Records drawn from a dataset:
(* Let $F\subset\mathbb G^d$ be a nonempty closed set and $\tau=\tau_F$ the associated quasimeasure, with generating series $\sum_{\mathbf n}\widehat\tau_{\mathbf n}W_{\mathbf n}$ and partial sums $S_{\mathbf N}$. Then for every $\mathbf g\notin F$ there is $w=w(\mathbf g)\in\mathbb N_0$ such that $S_{2^w\mathbf M}(\mathbf g)=0$ for all $\mathbf M\in\mathbb N^d$.
   Context: Fix $d\ge2$. $\mathbb G$ is the dyadic group: sequences $g=(g_k)_{k\ge0}$, $g_k\in\{0,1\}$, coordinatewise addition mod 2, product topology; $\mathbb G^d$ its $d$-th power. For $n\in\mathbb N_0$, $n=\sum_kn_k2^k$, $n_k\in\{0,1\}$. Dyadic interval of rank $k$: $\Delta^{(k)}_m=\{g: g_t=m_{k-1-t},\ 0\le t<k\}$; dyadic cube $\Delta^{(k)}_{\mathbf m}=\prod_l\Delta^{(k)}_{m^l}$. Vector order coordinatewise, $\mathbf 1=(1,\dots,1)$. Walsh functions $W_n(g)=\prod_k(-1)^{g_kn_k}$, $W_{\mathbf n}(\mathbf g)=\prod_lW_{n^l}(g^l)$; $W^{(k)}_{\mathbf n\mathbf m}$ is the constant value of $W_{\mathbf n}$ on $\Delta^{(k)}_{\mathbf m}$ ($\mathbf n,\mathbf m<2^k\mathbf 1$). Partial sums $S_{\mathbf N}=\sum_{\mathbf n<\mathbf N}a_{\mathbf n}W_{\mathbf n}$. Quasimeasure: $\tau$ on dyadic cubes with $\tau(\Delta^{(k)}_{\mathbf m})=\sum_{\boldsymbol\sigma\in\{0,1\}^d}\tau(\Delta^{(k+1)}_{2\mathbf m+\boldsymbol\sigma})$; Fourier–Walsh coefficients $\widehat\tau_{\mathbf n}=\sum_{\mathbf m<2^k\mathbf 1}W^{(k)}_{\mathbf n\mathbf m}\tau(\Delta^{(k)}_{\mathbf m})$ ($\mathbf n<2^k\mathbf 1$); the series generating $\tau$ is $\sum\widehat\tau_{\mathbf n}W_{\mathbf n}$. $\tau_F$ is the unique nonnegative quasimeasure with $\tau_F(\mathbb G^d)=1$, $\tau_F(\Delta)=0$ iff $\Delta\cap F=\emptyset$, and such that if $\Delta^{(k)}_{\mathbf m}$ meets $F$ and exactly $M$ of its $2^d$ children $\Delta^{(k+1)}_{2\mathbf m+\boldsymbol\sigma}$ meet $F$, each of those has value $\tau_F(\Delta^{(k)}_{\mathbf m})/M$ and the others $0$. *)

theory Defs
  imports "HOL-Analysis.Analysis"
begin

text \<open>The dyadic group: sequences of binary digits, as nat \<Rightarrow> bool (True = 1).
  A point of G^d is a function from a finite index type 'd (with CARD('d) = d)
  into the dyadic group.\<close>

type_synonym dyadic = "nat \<Rightarrow> bool"

definition dyadic_topology :: "('d \<Rightarrow> dyadic) topology" where
  "dyadic_topology = product_topology
     (\<lambda>_. product_topology (\<lambda>_. discrete_topology (UNIV :: bool set)) UNIV) UNIV"

definition dyadic_interval :: "nat \<Rightarrow> nat \<Rightarrow> dyadic set" where
  "dyadic_interval k m = {g. \<forall>t<k. g t = bit m (k - 1 - t)}"

definition dyadic_cube :: "nat \<Rightarrow> ('d \<Rightarrow> nat) \<Rightarrow> ('d \<Rightarrow> dyadic) set" where
  "dyadic_cube k m = {g. \<forall>l. g l \<in> dyadic_interval k (m l)}"

text \<open>Walsh functions. Only digits k < n of n can be nonzero.\<close>
definition walsh :: "nat \<Rightarrow> dyadic \<Rightarrow> real" where
  "walsh n g = (\<Prod>k<n. if bit n k \<and> g k then -1 else 1)"

definition walsh_vec :: "('d::finite \<Rightarrow> nat) \<Rightarrow> ('d \<Rightarrow> dyadic) \<Rightarrow> real" where
  "walsh_vec n g = (\<Prod>l\<in>UNIV. walsh (n l) (g l))"

definition cube_point :: "nat \<Rightarrow> ('d \<Rightarrow> nat) \<Rightarrow> ('d \<Rightarrow> dyadic)" where
  "cube_point k m = (\<lambda>l t. t < k \<and> bit (m l) (k - 1 - t))"

text \<open>W^{(k)}_{n m}: the (constant) value of W_n on the cube of rank k with index m.\<close>
definition walsh_cube :: "nat \<Rightarrow> ('d::finite \<Rightarrow> nat) \<Rightarrow> ('d \<Rightarrow> nat) \<Rightarrow> real" where
  "walsh_cube k n m = walsh_vec n (cube_point k m)"

text \<open>Children of a cube: indices 2m + sigma, sigma in {0,1}^d.\<close>
definition child_signs :: "('d \<Rightarrow> nat) set" where
  "child_signs = {\<sigma>. \<forall>l. \<sigma> l \<le> 1}"

text \<open>The quasimeasure tau_F on dyadic cubes, by the splitting rule of the paper:
  the whole space gets 1; a cube meeting F passes its mass equally to those of its
  2^d children that meet F; cubes not meeting F get 0.\<close>
fun tauF :: "('d::finite \<Rightarrow> dyadic) set \<Rightarrow> nat \<Rightarrow> ('d \<Rightarrow> nat) \<Rightarrow> real" where
  "tauF F 0 m = (if dyadic_cube 0 m \<inter> F = {} then 0 else 1)"
| "tauF F (Suc k) m =
     (if dyadic_cube (Suc k) m \<inter> F = {} then 0
      else tauF F k (\<lambda>l. m l div 2) /
        real (card {\<sigma> \<in> child_signs.
           dyadic_cube (Suc k) (\<lambda>l. 2 * (m l div 2) + \<sigma> l) \<inter> F \<noteq> {}}))"

text \<open>Fourier--Walsh coefficients of a quasimeasure tau, computed at rank
  k = max_l n_l (which satisfies n < 2^k 1); the value does not depend on the
  admissible rank for a quasimeasure.\<close>
definition fw_coeff :: "(nat \<Rightarrow> ('d::finite \<Rightarrow> nat) \<Rightarrow> real) \<Rightarrow> ('d \<Rightarrow> nat) \<Rightarrow> real" where
  "fw_coeff \<tau> n = (let k = Max (range n) in
     (\<Sum>m\<in>{m. \<forall>l. m l < 2 ^ k}. walsh_cube k n m * \<tau> k m))"

definition partial_sum :: "(('d::finite \<Rightarrow> nat) \<Rightarrow> real) \<Rightarrow> ('d \<Rightarrow> nat) \<Rightarrow> ('d \<Rightarrow> dyadic) \<Rightarrow> real" where
  "partial_sum a N g = (\<Sum>n\<in>{n. \<forall>l. n l < N l}. a n * walsh_vec n g)"

end

theory Submission
  imports Defs
begin

text \<open>
  Since F is closed and g \<notin> F, some cylinder {h. h l t = g l t for all l and t < w}
  misses F. For a quasimeasure tau the Fourier--Walsh coefficients can be computed at
  any rank K \<ge> max n, which turns S_N(g) into the sum over cubes of rank K of
  tau(cube) * D_N(x, g), with x a point of the cube and D_N(x, g) the sum of
  W_n(x) W_n(g) over n < N. If 2^w divides every N_l and x, g differ in a digit t < w
  of the l-th coordinate, then flipping bit t of n_l is a sign-reversing involution of
  the box n < N, so D_N(x, g) = 0. The remaining cubes lie in the cylinder and have
  tau_F-mass 0.
\<close>

lemma openin_cantor_space_cylinder:
  fixes U :: "(nat \<Rightarrow> 'a) set"
  assumes "openin (product_topology (\<lambda>_. discrete_topology UNIV) UNIV) U" and "x \<in> U"
  shows "\<exists>w. \<forall>y. (\<forall>t<w. y t = x t) \<longrightarrow> y \<in> U"
proof -
  obtain V where V: "finite {t. V t \<noteq> UNIV}" "x \<in> Pi\<^sub>E UNIV V" "Pi\<^sub>E UNIV V \<subseteq> U"
    using assms unfolding openin_product_topology_alt by force
  obtain w where w: "{t. V t \<noteq> UNIV} \<subseteq> {..<w}"
    using V(1) finite_nat_bounded by blast
  show ?thesis
  proof (intro exI allI impI)
    fix y assume y: "\<forall>t<w. y t = x t"
    have "y t \<in> V t" for t
    proof (cases "V t = UNIV")
      case False
      then have "t < w" using w by blast
      then show ?thesis using y V(2) by (auto simp: PiE_UNIV_domain)
    qed simp
    then show "y \<in> U" using V(3) by (auto simp: PiE_UNIV_domain)
  qed
qed

lemma openin_dyadic_topology_cylinder:
  fixes U :: "('d::finite \<Rightarrow> dyadic) set"
  assumes "openin dyadic_topology U" and "g \<in> U"
  shows "\<exists>w. \<forall>h. (\<forall>l t. t < w \<longrightarrow> h l t = g l t) \<longrightarrow> h \<in> U"
proof -
  obtain V where V: "\<And>l. openin (product_topology (\<lambda>_. discrete_topology UNIV) UNIV) (V l)"
    "g \<in> Pi\<^sub>E UNIV V" "Pi\<^sub>E UNIV V \<subseteq> U"
    using assms unfolding dyadic_topology_def openin_product_topology_alt by force
  have "\<exists>w. \<forall>y. (\<forall>t<w. y t = g l t) \<longrightarrow> y \<in> V l" for l
    using V(1,2) by (intro openin_cantor_space_cylinder) (auto simp: PiE_UNIV_domain)
  then obtain w where w: "\<And>l y. (\<forall>t<w l. y t = g l t) \<Longrightarrow> y \<in> V l"
    by metis
  show ?thesis
  proof (intro exI allI impI)
    fix h assume h: "\<forall>l t. t < Max (range w) \<longrightarrow> h l t = g l t"
    have "h l \<in> V l" for l
    proof (rule w, intro allI impI)
      fix t assume "t < w l"
      also have "w l \<le> Max (range w)"
        by simp
      finally show "h l t = g l t" using h by blast
    qed
    then show "h \<in> U" using V(3) by (auto simp: PiE_UNIV_domain)
  qed
qed

lemma closedin_dyadic_topology_cylinder_disjoint:
  fixes F :: "('d::finite \<Rightarrow> dyadic) set"
  assumes "closedin dyadic_topology F" and "g \<notin> F"
  shows "\<exists>w. \<forall>h. (\<forall>l t. t < w \<longrightarrow> h l t = g l t) \<longrightarrow> h \<notin> F"
proof -
  have "topspace (dyadic_topology :: ('d \<Rightarrow> dyadic) topology) = UNIV"
    unfolding dyadic_topology_def topspace_product_topology by (simp add: PiE_UNIV_domain)
  then have "openin dyadic_topology (- F)"
    using assms(1) by (simp add: closedin_def Compl_eq_Diff_UNIV)
  moreover have "g \<in> - F"
    using assms(2) by simp
  ultimately have "\<exists>w. \<forall>h. (\<forall>l t. t < w \<longrightarrow> h l t = g l t) \<longrightarrow> h \<in> - F"
    by (rule openin_dyadic_topology_cylinder)
  then show ?thesis
    by simp
qed

lemma bit_less_exp_nat: "(n::nat) < 2 ^ k \<Longrightarrow> bit n j \<Longrightarrow> j < k"
  by (metis bit_take_bit_iff take_bit_nat_eq_self_iff)

lemma walsh_cong: "(\<And>k. bit n k \<Longrightarrow> y k = z k) \<Longrightarrow> walsh n y = walsh n z"
  unfolding walsh_def by (intro prod.cong) auto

REQUIRED ACTION: Starting at the line above that contains "F (Suc k) m", repeat each line exactly up to and including the line that contains "n m * \<tau>", and stop there.

YOUR SOLUTION:
| "tauF F (Suc k) m =
     (if dyadic_cube (Suc k) m \<inter> F = {} then 0
      else tauF F k (\<lambda>l. m l div 2) /
        real (card {\<sigma> \<in> child_signs.
           dyadic_cube (Suc k) (\<lambda>l. 2 * (m l div 2) + \<sigma> l) \<inter> F \<noteq> {}}))"

text \<open>Fourier--Walsh coefficients of a quasimeasure tau, computed at rank
  k = max_l n_l (which satisfies n < 2^k 1); the value does not depend on the
  admissible rank for a quasimeasure.\<close>
definition fw_coeff :: "(nat \<Rightarrow> ('d::finite \<Rightarrow> nat) \<Rightarrow> real) \<Rightarrow> ('d \<Rightarrow> nat) \<Rightarrow> real" where
  "fw_coeff \<tau> n = (let k = Max (range n) in
     (\<Sum>m\<in>{m. \<forall>l. m l < 2 ^ k}. walsh_cube k n m * \<tau> k m))"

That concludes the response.